(WHAT IS NEEDED) Please say how many lines below include the word "cover", with nothing beyond the number.

(Stored data)
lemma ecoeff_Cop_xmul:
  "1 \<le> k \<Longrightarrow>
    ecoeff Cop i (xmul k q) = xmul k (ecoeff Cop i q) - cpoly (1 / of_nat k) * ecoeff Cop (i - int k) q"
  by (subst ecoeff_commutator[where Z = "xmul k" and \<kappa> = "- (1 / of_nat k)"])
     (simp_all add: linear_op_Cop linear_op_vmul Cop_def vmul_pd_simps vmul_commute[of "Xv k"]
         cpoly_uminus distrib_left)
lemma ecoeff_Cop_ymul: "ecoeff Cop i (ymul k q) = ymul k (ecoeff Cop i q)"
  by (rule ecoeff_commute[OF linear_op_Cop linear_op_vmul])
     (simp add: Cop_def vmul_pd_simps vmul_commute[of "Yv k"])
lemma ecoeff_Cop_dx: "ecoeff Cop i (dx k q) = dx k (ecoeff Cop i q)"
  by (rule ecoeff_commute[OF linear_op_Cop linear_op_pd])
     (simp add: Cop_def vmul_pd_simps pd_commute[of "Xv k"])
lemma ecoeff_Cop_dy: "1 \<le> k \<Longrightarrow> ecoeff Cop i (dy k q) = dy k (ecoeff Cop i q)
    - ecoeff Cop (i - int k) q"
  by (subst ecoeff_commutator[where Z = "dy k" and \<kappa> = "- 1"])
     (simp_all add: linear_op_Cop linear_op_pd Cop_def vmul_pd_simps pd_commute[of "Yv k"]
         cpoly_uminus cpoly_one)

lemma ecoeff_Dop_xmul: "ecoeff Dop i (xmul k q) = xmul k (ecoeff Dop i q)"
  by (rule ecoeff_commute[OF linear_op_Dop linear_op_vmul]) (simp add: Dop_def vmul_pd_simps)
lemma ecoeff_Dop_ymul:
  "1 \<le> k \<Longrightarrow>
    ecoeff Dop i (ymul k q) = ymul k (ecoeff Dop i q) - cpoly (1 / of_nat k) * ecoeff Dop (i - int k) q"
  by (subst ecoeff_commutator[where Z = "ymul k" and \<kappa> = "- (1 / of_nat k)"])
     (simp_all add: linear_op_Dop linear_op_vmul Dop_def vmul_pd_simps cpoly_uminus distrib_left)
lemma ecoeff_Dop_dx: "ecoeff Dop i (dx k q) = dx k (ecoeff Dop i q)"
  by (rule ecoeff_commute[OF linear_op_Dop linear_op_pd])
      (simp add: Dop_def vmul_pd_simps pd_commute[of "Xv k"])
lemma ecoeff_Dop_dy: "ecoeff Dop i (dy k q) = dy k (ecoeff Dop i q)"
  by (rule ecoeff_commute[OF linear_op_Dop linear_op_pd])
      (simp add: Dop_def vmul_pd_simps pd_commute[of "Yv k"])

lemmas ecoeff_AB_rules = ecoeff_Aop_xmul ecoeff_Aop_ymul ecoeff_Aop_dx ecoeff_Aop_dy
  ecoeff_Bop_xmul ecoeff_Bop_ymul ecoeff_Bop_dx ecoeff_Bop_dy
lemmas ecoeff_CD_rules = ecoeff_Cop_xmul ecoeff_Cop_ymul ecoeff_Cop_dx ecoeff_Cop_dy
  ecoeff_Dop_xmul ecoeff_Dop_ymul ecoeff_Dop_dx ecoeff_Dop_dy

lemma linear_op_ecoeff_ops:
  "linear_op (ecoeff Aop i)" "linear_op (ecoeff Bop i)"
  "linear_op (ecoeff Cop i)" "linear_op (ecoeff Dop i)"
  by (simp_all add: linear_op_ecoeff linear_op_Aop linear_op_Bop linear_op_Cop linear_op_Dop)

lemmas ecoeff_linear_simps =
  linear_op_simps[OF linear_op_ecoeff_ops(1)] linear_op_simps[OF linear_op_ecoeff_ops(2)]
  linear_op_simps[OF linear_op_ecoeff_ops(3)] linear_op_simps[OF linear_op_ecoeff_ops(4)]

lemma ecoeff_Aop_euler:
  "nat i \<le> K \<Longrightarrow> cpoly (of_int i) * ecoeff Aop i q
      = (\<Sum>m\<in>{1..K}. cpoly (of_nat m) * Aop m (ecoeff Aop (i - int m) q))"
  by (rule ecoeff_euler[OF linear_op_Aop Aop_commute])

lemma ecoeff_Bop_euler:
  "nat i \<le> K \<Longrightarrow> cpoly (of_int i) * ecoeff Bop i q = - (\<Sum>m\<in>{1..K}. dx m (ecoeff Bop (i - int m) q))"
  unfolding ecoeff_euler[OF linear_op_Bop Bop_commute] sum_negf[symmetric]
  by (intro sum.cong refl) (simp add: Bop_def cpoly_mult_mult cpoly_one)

---

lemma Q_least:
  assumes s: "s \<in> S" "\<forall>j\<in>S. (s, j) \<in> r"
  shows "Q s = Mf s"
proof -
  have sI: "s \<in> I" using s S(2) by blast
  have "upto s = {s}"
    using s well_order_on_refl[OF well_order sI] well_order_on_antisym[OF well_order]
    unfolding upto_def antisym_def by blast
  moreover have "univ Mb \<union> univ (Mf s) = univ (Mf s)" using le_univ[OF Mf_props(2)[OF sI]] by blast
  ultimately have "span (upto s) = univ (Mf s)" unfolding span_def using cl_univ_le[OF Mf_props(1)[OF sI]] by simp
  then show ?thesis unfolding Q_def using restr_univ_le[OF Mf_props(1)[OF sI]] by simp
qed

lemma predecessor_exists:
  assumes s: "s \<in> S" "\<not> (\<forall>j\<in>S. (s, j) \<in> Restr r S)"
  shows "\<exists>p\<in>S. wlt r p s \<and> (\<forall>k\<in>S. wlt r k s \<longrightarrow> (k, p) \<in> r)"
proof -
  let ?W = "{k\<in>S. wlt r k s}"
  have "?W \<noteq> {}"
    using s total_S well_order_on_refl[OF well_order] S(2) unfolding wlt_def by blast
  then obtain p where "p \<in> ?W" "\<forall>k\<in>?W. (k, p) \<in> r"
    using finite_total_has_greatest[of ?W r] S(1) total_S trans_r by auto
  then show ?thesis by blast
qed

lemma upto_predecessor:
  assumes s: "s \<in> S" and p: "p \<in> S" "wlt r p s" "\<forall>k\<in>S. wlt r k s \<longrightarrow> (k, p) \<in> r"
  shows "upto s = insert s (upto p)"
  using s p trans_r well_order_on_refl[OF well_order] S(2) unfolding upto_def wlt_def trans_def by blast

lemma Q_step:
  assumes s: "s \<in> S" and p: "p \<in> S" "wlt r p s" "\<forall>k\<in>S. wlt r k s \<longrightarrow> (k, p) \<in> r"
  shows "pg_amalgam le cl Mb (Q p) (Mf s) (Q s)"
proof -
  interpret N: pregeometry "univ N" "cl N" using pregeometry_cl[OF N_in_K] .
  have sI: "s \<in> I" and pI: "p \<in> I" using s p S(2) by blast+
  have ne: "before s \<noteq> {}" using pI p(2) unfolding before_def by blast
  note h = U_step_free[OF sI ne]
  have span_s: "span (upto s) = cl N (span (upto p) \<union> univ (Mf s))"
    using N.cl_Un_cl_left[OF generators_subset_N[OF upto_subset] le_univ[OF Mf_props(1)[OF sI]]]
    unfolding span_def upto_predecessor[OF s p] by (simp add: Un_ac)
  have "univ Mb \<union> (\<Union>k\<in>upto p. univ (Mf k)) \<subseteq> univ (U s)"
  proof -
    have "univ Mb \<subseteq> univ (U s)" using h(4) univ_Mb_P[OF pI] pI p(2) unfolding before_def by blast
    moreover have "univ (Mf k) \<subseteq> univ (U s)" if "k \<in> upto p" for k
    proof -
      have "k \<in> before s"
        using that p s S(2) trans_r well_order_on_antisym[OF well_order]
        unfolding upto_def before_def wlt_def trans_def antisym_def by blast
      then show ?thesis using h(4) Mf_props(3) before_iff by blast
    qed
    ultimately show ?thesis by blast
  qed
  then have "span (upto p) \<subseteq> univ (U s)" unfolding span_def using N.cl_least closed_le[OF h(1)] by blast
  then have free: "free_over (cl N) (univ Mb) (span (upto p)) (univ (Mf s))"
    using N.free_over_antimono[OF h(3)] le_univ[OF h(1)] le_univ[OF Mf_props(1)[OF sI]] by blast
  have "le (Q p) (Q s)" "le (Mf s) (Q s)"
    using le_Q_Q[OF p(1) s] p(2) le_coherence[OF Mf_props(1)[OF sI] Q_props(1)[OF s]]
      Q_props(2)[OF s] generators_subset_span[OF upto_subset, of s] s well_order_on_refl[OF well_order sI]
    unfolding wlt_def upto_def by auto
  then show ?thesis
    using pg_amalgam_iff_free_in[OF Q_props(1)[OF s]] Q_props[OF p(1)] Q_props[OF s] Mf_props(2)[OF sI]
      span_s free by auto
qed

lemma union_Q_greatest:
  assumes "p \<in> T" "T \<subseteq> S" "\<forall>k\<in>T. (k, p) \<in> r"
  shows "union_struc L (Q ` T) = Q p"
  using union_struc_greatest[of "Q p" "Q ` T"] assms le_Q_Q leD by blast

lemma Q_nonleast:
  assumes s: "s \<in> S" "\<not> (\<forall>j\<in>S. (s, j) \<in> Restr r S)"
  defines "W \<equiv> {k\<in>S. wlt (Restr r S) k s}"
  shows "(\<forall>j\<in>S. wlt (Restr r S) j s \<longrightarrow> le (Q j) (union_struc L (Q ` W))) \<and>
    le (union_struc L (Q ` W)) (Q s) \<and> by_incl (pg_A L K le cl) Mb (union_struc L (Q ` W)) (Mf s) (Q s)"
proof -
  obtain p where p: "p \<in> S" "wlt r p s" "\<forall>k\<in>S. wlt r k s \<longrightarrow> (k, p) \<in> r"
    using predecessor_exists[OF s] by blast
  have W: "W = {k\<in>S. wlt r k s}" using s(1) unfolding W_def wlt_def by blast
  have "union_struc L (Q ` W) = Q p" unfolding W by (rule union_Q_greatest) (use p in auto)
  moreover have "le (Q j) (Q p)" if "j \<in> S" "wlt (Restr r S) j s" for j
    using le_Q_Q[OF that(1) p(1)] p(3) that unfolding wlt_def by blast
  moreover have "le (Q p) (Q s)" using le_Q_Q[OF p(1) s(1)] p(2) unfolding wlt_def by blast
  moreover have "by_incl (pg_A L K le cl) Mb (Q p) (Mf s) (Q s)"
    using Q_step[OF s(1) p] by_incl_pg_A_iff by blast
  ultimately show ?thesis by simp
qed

...

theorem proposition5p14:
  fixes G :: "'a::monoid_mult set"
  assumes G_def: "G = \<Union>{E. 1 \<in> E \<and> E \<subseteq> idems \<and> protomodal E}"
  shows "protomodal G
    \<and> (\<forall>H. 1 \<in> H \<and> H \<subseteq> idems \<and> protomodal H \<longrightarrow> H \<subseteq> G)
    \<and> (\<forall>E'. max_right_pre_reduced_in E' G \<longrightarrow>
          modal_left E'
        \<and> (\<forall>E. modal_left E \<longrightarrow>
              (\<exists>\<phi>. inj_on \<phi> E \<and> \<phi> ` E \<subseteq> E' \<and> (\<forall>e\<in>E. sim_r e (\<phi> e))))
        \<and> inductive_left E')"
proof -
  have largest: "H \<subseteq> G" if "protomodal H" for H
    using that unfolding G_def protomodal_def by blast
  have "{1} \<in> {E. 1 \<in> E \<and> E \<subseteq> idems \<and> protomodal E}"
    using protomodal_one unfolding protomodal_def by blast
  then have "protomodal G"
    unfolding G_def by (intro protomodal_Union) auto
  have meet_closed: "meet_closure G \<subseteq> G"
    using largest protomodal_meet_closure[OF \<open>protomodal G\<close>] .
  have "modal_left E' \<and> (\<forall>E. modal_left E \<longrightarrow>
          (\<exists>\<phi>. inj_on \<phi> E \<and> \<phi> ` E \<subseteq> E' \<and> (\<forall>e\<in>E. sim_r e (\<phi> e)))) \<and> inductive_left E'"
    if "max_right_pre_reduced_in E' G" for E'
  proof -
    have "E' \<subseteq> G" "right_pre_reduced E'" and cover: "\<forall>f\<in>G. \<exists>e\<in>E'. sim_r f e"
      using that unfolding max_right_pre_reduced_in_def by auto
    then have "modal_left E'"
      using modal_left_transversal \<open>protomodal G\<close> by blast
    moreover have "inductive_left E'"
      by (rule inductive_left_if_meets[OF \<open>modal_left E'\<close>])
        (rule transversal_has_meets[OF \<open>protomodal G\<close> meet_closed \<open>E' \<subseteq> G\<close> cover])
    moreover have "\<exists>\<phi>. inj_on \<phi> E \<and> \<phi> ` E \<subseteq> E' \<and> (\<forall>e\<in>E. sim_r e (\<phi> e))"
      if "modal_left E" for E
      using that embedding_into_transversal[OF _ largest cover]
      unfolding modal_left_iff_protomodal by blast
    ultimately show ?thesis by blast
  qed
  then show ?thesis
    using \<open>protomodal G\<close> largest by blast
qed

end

(RESULT FOR THIS EXERCISE) 3